• _Exercise directions_: Of the lines below, count those containing the word "induction". Reply with the number alone.

[Start of Attachment]

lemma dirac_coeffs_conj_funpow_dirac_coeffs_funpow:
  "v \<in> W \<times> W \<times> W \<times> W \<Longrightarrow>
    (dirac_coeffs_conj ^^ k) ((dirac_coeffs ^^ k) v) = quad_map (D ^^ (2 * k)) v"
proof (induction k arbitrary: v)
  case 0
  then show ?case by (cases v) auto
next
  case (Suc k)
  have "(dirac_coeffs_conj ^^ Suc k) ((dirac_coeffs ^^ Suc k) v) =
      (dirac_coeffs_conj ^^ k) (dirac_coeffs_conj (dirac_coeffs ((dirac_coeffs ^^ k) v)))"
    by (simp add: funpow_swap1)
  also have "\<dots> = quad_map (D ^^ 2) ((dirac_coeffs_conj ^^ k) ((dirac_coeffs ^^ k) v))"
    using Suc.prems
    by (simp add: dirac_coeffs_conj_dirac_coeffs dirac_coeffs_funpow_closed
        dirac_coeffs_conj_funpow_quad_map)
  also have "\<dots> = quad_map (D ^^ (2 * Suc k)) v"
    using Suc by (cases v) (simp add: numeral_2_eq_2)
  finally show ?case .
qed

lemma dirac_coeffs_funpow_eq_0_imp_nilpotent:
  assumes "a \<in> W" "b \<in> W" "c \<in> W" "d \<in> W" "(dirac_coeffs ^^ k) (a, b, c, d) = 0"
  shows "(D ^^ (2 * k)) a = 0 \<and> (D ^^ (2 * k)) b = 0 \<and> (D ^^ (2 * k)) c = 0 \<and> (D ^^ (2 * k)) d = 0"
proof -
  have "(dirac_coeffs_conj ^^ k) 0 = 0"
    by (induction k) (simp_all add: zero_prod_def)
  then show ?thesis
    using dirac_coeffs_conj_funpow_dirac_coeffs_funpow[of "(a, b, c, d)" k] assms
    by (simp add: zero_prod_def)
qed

[End of Attachment]
[Start of Attachment]

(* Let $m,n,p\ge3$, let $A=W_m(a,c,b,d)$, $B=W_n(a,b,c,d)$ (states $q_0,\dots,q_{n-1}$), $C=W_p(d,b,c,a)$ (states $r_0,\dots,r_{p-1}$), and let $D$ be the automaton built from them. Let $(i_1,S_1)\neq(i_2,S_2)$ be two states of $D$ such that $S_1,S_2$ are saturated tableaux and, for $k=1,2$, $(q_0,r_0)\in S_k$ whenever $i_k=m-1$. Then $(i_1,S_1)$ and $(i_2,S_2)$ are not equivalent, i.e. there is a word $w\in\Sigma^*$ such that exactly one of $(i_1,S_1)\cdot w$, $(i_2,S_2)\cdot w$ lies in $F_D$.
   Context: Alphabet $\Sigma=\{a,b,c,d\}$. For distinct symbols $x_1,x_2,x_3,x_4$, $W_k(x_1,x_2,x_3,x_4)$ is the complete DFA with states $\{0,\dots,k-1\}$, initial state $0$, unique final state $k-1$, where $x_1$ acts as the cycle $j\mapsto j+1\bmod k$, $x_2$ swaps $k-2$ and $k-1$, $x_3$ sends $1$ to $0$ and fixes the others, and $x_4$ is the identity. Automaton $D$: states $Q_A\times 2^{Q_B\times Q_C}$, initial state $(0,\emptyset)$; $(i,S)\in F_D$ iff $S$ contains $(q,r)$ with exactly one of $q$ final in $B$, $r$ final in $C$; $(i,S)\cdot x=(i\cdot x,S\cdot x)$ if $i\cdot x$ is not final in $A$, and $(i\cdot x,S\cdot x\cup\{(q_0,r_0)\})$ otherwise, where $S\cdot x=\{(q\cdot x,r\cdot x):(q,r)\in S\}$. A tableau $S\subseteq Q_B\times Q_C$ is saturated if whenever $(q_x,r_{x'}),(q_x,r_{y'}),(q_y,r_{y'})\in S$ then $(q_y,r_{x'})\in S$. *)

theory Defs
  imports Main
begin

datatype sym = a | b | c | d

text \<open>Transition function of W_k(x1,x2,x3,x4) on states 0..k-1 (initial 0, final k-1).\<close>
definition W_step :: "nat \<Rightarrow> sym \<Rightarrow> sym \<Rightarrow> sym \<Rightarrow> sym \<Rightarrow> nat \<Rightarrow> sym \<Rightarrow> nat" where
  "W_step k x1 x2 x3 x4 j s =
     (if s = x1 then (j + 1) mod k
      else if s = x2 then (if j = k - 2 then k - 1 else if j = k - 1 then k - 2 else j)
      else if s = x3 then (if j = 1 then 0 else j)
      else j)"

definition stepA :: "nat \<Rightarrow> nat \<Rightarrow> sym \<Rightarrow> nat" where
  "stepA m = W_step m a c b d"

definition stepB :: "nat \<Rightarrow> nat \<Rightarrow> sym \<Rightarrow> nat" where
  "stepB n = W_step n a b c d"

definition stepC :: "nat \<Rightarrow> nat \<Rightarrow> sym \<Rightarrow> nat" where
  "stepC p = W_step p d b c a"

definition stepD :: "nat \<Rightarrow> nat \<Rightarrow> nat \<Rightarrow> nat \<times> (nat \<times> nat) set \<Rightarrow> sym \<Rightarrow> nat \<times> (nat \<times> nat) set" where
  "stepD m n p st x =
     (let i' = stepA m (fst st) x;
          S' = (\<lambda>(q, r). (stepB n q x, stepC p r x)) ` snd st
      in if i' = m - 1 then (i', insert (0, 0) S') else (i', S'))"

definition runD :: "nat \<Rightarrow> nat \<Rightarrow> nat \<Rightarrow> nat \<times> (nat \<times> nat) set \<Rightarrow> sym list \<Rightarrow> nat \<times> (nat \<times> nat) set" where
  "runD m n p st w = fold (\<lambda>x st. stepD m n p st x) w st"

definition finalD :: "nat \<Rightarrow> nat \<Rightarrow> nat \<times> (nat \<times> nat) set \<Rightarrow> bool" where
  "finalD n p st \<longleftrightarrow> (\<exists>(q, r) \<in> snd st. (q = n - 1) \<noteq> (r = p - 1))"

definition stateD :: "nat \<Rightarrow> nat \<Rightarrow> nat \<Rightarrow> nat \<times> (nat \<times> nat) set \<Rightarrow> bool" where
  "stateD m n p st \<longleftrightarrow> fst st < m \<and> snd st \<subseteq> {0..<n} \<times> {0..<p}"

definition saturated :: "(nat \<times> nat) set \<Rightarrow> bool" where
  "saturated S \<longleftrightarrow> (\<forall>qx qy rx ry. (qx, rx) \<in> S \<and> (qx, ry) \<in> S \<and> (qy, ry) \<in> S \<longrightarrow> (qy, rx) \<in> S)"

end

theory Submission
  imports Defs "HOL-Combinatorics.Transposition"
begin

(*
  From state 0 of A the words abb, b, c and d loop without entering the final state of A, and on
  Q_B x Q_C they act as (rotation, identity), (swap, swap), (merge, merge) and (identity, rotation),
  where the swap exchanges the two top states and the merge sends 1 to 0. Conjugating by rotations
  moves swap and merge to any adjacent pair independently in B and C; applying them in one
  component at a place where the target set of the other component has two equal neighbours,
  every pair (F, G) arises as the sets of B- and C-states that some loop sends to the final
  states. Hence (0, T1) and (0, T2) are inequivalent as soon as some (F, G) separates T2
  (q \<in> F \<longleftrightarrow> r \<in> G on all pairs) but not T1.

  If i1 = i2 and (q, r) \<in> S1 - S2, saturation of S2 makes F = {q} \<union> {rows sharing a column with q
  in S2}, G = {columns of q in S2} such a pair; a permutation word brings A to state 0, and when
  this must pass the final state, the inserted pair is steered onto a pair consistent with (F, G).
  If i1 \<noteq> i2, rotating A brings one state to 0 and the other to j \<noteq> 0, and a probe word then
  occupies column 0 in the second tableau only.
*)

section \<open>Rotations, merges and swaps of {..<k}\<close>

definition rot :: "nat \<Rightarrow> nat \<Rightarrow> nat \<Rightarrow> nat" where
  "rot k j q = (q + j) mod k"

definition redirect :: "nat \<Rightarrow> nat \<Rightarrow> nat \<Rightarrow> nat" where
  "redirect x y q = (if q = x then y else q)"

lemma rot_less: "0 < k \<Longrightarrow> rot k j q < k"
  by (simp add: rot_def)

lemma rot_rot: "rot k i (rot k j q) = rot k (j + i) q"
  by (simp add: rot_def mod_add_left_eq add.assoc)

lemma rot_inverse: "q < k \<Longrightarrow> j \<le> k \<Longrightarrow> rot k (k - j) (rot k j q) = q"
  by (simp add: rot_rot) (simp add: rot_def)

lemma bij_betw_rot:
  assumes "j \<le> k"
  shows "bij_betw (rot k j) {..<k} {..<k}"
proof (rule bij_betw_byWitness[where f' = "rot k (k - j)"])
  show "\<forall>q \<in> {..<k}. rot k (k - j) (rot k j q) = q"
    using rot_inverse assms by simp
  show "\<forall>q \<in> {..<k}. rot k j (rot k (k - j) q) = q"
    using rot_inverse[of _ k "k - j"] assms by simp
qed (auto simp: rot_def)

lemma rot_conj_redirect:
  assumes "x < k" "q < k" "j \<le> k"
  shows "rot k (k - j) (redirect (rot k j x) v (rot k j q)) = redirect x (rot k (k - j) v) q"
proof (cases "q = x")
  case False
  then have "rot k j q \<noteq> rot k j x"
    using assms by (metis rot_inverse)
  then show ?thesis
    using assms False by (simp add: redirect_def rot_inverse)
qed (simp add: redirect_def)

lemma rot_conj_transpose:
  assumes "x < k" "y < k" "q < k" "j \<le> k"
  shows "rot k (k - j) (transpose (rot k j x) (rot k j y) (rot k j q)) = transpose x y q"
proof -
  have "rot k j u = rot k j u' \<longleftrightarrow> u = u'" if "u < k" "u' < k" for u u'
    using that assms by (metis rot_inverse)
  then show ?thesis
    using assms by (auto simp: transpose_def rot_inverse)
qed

[End of Attachment]
[Start of Attachment]

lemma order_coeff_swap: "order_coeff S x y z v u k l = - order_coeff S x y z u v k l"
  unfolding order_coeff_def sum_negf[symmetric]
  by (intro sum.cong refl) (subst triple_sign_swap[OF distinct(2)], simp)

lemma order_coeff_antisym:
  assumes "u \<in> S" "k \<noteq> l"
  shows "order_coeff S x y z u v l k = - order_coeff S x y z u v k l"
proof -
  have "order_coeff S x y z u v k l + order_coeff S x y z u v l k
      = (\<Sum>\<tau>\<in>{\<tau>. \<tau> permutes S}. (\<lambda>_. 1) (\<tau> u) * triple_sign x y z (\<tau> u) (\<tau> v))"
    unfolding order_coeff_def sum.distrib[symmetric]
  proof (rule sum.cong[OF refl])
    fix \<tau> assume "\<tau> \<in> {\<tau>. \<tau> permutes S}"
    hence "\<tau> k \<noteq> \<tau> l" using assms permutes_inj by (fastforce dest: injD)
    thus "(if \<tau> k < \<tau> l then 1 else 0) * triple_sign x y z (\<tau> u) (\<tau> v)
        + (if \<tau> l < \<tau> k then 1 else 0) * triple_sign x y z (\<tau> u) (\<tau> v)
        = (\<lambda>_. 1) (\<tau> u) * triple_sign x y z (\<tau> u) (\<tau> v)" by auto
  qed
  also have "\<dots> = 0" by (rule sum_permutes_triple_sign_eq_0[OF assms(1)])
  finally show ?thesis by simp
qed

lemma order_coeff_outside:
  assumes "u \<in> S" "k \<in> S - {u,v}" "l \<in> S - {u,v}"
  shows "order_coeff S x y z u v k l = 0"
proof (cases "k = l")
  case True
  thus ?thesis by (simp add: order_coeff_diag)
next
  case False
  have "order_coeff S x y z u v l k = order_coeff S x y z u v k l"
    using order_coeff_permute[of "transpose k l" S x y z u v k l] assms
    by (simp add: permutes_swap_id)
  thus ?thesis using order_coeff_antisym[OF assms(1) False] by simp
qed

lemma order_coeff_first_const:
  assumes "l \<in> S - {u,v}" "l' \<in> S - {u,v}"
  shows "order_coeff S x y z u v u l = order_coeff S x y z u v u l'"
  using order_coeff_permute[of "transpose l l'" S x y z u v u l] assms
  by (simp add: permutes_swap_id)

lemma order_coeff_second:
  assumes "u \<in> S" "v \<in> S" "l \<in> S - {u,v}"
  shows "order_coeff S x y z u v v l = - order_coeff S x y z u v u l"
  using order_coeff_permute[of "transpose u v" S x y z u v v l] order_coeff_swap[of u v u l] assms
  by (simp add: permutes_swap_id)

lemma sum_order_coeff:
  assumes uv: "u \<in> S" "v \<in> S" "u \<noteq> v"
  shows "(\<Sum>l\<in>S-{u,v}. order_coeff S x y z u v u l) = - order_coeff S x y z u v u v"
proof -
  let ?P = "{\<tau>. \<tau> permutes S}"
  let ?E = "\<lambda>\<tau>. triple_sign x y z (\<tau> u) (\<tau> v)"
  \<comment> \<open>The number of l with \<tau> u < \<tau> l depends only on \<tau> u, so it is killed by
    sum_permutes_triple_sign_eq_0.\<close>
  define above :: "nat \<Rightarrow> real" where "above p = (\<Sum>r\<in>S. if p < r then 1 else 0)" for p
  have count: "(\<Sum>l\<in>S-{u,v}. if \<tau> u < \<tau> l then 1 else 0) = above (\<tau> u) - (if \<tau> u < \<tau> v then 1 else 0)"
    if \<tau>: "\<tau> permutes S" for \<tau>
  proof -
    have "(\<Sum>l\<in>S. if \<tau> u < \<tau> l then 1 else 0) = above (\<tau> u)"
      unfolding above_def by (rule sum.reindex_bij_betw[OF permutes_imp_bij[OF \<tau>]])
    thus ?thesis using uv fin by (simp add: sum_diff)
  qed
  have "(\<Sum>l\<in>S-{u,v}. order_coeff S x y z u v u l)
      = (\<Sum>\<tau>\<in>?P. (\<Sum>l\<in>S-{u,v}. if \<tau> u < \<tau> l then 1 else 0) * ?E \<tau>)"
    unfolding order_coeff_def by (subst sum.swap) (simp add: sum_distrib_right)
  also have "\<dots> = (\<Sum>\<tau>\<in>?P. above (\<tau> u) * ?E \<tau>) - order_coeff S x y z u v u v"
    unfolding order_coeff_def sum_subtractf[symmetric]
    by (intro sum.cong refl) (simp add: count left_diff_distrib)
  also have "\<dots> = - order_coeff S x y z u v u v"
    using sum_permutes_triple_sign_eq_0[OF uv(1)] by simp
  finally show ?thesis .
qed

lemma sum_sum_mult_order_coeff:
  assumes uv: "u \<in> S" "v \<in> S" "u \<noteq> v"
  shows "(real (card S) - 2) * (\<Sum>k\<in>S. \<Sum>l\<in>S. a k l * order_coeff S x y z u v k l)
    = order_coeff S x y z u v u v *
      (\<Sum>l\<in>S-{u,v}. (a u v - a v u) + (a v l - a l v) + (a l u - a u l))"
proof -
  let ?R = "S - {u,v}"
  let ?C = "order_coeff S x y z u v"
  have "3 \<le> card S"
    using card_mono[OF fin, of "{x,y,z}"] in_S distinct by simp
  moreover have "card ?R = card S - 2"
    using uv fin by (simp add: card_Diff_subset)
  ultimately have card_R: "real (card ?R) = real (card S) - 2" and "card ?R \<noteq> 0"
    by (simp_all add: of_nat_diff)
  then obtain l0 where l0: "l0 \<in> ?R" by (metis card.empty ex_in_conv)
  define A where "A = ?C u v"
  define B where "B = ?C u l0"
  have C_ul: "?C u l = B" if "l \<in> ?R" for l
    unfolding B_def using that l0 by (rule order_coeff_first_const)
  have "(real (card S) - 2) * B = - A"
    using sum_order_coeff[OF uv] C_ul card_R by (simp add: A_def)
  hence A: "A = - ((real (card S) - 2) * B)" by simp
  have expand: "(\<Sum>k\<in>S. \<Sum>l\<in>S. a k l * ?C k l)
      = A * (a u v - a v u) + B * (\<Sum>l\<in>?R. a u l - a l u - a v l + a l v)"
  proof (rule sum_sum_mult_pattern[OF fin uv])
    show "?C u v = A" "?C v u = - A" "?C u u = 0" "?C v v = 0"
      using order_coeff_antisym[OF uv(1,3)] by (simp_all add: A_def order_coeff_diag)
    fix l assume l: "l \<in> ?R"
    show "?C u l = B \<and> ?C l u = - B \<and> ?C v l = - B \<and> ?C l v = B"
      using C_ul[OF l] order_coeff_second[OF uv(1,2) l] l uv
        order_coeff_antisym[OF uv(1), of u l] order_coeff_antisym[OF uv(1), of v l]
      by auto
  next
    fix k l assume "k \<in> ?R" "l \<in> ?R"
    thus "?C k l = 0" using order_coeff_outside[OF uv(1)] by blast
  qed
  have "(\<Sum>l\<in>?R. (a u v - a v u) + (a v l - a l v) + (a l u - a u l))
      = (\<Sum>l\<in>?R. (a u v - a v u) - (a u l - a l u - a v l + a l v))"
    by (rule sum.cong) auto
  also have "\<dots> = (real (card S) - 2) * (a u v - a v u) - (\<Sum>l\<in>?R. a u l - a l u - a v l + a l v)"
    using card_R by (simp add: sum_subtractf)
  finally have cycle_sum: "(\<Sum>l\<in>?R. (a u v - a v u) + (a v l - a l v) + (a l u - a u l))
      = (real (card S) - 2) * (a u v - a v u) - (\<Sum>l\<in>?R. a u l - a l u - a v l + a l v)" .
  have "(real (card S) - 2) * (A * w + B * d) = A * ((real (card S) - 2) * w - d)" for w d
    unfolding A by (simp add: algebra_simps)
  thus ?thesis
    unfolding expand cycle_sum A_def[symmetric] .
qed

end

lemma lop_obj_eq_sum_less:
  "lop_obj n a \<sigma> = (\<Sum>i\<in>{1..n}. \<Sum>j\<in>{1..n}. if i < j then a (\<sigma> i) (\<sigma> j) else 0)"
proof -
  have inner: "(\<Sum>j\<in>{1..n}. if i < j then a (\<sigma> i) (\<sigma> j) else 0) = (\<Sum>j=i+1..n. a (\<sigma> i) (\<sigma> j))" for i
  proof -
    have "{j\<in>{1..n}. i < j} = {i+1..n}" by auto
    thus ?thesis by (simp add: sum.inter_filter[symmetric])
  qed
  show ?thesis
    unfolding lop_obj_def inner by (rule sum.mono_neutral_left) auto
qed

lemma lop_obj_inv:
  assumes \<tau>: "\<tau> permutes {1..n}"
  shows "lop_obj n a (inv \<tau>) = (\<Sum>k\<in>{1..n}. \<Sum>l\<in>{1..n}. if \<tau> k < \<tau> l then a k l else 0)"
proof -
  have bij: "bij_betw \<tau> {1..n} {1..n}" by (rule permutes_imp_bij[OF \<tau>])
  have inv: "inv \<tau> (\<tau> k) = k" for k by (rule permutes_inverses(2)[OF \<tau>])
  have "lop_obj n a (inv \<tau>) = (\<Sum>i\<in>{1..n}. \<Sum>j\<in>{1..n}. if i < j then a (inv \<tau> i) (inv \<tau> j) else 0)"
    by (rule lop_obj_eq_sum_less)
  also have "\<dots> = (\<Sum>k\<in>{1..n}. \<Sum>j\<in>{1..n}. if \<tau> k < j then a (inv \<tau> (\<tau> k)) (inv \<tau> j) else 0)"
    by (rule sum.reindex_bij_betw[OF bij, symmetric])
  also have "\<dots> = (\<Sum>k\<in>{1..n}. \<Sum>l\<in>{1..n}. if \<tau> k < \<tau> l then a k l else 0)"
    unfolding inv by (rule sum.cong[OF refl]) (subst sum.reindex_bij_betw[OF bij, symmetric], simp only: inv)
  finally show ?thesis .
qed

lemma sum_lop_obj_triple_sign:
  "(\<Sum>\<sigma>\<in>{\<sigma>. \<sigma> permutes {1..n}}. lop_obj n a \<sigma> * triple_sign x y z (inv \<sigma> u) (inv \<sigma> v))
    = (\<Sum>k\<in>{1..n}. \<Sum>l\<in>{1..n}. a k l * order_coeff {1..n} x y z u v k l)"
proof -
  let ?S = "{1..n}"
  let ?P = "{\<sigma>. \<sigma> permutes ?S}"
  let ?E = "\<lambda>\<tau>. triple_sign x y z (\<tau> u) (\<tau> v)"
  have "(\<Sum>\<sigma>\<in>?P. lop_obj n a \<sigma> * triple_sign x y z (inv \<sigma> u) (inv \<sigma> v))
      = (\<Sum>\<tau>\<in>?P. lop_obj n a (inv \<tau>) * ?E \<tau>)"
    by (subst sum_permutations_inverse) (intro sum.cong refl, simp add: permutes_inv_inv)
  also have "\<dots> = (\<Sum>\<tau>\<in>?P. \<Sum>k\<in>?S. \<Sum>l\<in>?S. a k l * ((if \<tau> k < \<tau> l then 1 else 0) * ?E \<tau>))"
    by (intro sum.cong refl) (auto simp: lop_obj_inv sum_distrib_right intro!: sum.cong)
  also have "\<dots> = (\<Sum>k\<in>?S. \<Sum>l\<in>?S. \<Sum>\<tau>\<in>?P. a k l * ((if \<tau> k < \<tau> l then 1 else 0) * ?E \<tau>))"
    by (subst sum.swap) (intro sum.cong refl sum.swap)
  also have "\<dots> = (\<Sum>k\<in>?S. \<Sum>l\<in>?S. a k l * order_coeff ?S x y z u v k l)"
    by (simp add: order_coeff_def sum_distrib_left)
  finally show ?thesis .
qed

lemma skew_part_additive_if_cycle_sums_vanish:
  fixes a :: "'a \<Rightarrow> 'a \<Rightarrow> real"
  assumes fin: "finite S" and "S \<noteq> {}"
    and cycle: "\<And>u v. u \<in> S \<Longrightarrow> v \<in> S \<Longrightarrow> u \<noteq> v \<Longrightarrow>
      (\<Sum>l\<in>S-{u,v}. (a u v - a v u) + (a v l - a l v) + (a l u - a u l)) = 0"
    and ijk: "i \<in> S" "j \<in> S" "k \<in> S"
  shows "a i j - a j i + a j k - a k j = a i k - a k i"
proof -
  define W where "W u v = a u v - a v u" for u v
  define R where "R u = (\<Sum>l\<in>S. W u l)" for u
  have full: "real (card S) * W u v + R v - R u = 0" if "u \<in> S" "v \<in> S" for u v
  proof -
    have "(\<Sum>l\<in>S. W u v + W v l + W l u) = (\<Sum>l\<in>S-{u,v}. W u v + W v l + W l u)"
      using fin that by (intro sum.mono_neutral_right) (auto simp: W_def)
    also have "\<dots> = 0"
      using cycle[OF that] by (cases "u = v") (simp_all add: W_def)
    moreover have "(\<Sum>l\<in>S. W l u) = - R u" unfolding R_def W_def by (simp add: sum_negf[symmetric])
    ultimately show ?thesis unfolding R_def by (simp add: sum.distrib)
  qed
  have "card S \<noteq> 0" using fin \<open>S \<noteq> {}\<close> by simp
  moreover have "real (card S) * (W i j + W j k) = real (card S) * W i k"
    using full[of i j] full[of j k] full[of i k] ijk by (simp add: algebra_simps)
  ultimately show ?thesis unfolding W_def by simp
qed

[End of Attachment]

• _Answer section_: 2